Records shown

lemma card_mult_le_smooth_l1norm:
  "0 \<le> \<gamma> \<Longrightarrow> real CARD('d) * \<gamma> \<le> smooth_l1norm \<gamma> (x :: real^'d)"
  using sum_mono[of UNIV "\<lambda>_. \<gamma>" "\<lambda>j. sqrt ((x $ j)\<^sup>2 + \<gamma>\<^sup>2)"]
  by (simp add: smooth_l1norm_def real_le_rsqrt)

lemma smooth_l1norm_0: "0 \<le> \<gamma> \<Longrightarrow> smooth_l1norm \<gamma> (0 :: real^'d) = real CARD('d) * \<gamma>"
  by (simp add: smooth_l1norm_def)

lemma continuous_on_smooth_l1norm: "continuous_on UNIV (smooth_l1norm \<gamma> :: real^'d \<Rightarrow> real)"
  unfolding smooth_l1norm_def[abs_def] by (intro continuous_intros)

lemma has_real_derivative_smooth_l1norm:
  fixes Z :: "real \<Rightarrow> real^'d"
  assumes \<gamma>: "\<gamma> > 0" and Z: "(Z has_vector_derivative z) (at s within S)"
  shows "((\<lambda>u. smooth_l1norm \<gamma> (Z u)) has_real_derivative
           (\<Sum>j\<in>UNIV. Z s $ j * z $ j / sqrt ((Z s $ j)\<^sup>2 + \<gamma>\<^sup>2))) (at s within S)"
  unfolding smooth_l1norm_def
proof (intro DERIV_sum)
  fix j
  have pos: "0 < (Z s $ j)\<^sup>2 + \<gamma>\<^sup>2" using \<gamma> by (simp add: add_nonneg_pos)
  have "((\<lambda>u. (Z u $ j)\<^sup>2 + \<gamma>\<^sup>2) has_real_derivative 2 * Z s $ j * z $ j) (at s within S)"
    by (auto intro!: derivative_eq_intros has_real_derivative_vec_nth[OF Z])
  from DERIV_chain2[OF DERIV_real_sqrt[OF pos] this]
  show "((\<lambda>u. sqrt ((Z u $ j)\<^sup>2 + \<gamma>\<^sup>2)) has_real_derivative
          Z s $ j * z $ j / sqrt ((Z s $ j)\<^sup>2 + \<gamma>\<^sup>2)) (at s within S)"
    by (simp add: field_simps)
qed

Exercise goal
Your output must be an exact copy of every entry.

Answer for this exercise
lemma card_mult_le_smooth_l1norm:
  "0 \<le> \<gamma> \<Longrightarrow> real CARD('d) * \<gamma> \<le> smooth_l1norm \<gamma> (x :: real^'d)"
  using sum_mono[of UNIV "\<lambda>_. \<gamma>" "\<lambda>j. sqrt ((x $ j)\<^sup>2 + \<gamma>\<^sup>2)"]
  by (simp add: smooth_l1norm_def real_le_rsqrt)

lemma smooth_l1norm_0: "0 \<le> \<gamma> \<Longrightarrow> smooth_l1norm \<gamma> (0 :: real^'d) = real CARD('d) * \<gamma>"
  by (simp add: smooth_l1norm_def)

lemma continuous_on_smooth_l1norm: "continuous_on UNIV (smooth_l1norm \<gamma> :: real^'d \<Rightarrow> real)"
  unfolding smooth_l1norm_def[abs_def] by (intro continuous_intros)

lemma has_real_derivative_smooth_l1norm:
  fixes Z :: "real \<Rightarrow> real^'d"
  assumes \<gamma>: "\<gamma> > 0" and Z: "(Z has_vector_derivative z) (at s within S)"
  shows "((\<lambda>u. smooth_l1norm \<gamma> (Z u)) has_real_derivative
           (\<Sum>j\<in>UNIV. Z s $ j * z $ j / sqrt ((Z s $ j)\<^sup>2 + \<gamma>\<^sup>2))) (at s within S)"
  unfolding smooth_l1norm_def
proof (intro DERIV_sum)
  fix j
  have pos: "0 < (Z s $ j)\<^sup>2 + \<gamma>\<^sup>2" using \<gamma> by (simp add: add_nonneg_pos)
  have "((\<lambda>u. (Z u $ j)\<^sup>2 + \<gamma>\<^sup>2) has_real_derivative 2 * Z s $ j * z $ j) (at s within S)"
    by (auto intro!: derivative_eq_intros has_real_derivative_vec_nth[OF Z])
  from DERIV_chain2[OF DERIV_real_sqrt[OF pos] this]
  show "((\<lambda>u. sqrt ((Z u $ j)\<^sup>2 + \<gamma>\<^sup>2)) has_real_derivative
          Z s $ j * z $ j / sqrt ((Z s $ j)\<^sup>2 + \<gamma>\<^sup>2)) (at s within S)"
    by (simp add: field_simps)
qed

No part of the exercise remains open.